Exercise goal
Look for the word "sigma". Copy every line of the listing where it occurs.

------------------------------------------------------------

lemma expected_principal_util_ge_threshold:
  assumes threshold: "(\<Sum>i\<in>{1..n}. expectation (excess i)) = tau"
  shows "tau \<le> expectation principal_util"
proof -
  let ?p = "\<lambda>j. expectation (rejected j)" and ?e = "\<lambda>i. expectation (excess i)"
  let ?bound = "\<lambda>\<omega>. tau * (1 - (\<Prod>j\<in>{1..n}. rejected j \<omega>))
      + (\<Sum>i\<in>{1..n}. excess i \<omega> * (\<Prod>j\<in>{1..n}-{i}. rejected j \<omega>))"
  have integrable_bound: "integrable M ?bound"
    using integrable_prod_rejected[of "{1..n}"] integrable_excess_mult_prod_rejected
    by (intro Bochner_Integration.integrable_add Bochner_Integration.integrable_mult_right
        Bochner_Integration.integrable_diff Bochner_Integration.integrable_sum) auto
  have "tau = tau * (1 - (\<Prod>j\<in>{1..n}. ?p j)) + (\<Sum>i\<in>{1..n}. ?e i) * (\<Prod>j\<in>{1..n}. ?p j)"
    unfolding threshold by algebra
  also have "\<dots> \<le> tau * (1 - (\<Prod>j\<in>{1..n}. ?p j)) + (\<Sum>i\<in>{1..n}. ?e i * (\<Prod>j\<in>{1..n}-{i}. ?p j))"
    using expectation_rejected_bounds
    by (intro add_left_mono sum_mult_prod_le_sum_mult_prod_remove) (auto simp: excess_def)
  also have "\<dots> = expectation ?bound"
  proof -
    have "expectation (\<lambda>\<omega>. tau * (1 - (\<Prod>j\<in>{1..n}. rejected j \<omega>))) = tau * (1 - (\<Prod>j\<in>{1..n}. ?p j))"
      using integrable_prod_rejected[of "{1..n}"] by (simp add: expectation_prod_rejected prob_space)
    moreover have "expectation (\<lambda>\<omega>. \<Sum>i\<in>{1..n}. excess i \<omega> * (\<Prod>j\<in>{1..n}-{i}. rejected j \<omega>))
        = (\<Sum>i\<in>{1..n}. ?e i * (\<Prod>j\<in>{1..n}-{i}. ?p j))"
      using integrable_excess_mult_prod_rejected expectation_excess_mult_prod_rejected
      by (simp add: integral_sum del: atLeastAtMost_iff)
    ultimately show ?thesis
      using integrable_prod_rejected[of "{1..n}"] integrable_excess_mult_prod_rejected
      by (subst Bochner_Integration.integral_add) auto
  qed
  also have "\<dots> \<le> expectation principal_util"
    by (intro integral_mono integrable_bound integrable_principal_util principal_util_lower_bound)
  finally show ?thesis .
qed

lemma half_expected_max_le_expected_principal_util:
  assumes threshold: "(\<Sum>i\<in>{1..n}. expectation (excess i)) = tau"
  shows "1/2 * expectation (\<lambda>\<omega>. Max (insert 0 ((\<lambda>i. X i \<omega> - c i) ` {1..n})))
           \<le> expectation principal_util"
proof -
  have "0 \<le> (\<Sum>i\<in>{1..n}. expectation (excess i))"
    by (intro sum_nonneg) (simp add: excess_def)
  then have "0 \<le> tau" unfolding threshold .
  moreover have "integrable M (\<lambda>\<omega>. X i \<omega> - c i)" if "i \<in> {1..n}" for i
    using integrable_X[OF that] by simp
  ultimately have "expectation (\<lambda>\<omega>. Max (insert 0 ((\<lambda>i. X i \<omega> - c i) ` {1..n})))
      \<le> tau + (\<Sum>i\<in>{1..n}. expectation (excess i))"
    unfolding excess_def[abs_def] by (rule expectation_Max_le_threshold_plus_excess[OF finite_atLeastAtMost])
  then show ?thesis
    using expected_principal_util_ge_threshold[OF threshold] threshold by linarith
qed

------------------------------------------------------------

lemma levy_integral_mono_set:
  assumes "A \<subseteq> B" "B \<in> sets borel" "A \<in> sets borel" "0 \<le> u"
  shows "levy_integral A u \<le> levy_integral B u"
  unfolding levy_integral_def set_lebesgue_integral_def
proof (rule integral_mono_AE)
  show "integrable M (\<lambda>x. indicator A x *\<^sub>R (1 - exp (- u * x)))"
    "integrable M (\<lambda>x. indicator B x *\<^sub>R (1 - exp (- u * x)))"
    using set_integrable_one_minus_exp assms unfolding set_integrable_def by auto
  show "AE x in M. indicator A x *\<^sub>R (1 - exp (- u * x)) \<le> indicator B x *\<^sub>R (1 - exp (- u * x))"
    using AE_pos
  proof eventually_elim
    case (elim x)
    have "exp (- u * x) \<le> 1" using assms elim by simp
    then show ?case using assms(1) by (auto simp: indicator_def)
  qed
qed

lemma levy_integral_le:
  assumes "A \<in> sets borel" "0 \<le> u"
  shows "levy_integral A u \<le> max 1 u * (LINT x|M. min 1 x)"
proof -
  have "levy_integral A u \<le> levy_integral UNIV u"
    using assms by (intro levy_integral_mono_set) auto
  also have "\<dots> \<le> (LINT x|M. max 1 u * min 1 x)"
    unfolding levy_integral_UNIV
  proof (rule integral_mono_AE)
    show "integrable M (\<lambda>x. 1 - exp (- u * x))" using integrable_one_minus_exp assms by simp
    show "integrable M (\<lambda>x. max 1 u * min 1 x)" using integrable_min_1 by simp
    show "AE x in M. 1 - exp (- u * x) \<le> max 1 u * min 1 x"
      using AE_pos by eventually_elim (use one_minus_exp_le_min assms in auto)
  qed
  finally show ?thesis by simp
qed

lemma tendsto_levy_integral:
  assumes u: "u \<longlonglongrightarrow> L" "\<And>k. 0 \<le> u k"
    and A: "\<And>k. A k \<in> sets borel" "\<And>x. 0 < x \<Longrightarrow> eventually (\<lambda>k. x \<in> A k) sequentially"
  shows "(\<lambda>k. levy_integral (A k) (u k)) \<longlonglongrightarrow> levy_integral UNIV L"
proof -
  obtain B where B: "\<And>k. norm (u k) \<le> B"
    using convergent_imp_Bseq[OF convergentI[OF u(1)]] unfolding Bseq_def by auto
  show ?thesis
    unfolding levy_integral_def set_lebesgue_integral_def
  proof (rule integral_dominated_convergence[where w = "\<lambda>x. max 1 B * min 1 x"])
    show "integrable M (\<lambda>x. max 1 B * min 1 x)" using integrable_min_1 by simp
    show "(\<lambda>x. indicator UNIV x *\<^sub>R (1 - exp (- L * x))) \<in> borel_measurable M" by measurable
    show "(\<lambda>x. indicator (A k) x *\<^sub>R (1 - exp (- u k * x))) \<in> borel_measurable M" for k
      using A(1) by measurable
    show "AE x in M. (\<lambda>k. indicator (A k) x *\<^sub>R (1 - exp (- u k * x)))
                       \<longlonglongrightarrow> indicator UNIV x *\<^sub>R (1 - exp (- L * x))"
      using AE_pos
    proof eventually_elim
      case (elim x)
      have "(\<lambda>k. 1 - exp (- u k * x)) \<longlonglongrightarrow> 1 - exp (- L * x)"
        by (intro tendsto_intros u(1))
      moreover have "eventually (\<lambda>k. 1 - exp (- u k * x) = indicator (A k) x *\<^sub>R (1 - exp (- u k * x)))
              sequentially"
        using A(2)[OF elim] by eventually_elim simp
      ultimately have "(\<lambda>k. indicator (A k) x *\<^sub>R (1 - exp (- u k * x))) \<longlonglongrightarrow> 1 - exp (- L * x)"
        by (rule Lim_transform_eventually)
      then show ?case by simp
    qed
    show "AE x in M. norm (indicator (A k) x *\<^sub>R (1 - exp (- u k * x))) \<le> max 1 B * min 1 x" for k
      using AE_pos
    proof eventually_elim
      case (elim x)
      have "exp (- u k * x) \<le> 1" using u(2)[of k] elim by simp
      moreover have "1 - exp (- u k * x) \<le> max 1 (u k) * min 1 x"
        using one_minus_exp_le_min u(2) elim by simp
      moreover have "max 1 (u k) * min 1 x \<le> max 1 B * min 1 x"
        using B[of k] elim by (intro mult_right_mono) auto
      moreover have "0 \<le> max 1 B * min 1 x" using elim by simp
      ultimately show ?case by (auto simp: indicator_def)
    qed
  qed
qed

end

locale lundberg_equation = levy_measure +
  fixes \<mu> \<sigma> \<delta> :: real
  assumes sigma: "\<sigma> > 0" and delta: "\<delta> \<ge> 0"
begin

------------------------------------------------------------

Solved exercise
  fixes \<mu> \<sigma> \<delta> :: real
  assumes sigma: "\<sigma> > 0" and delta: "\<delta> \<ge> 0"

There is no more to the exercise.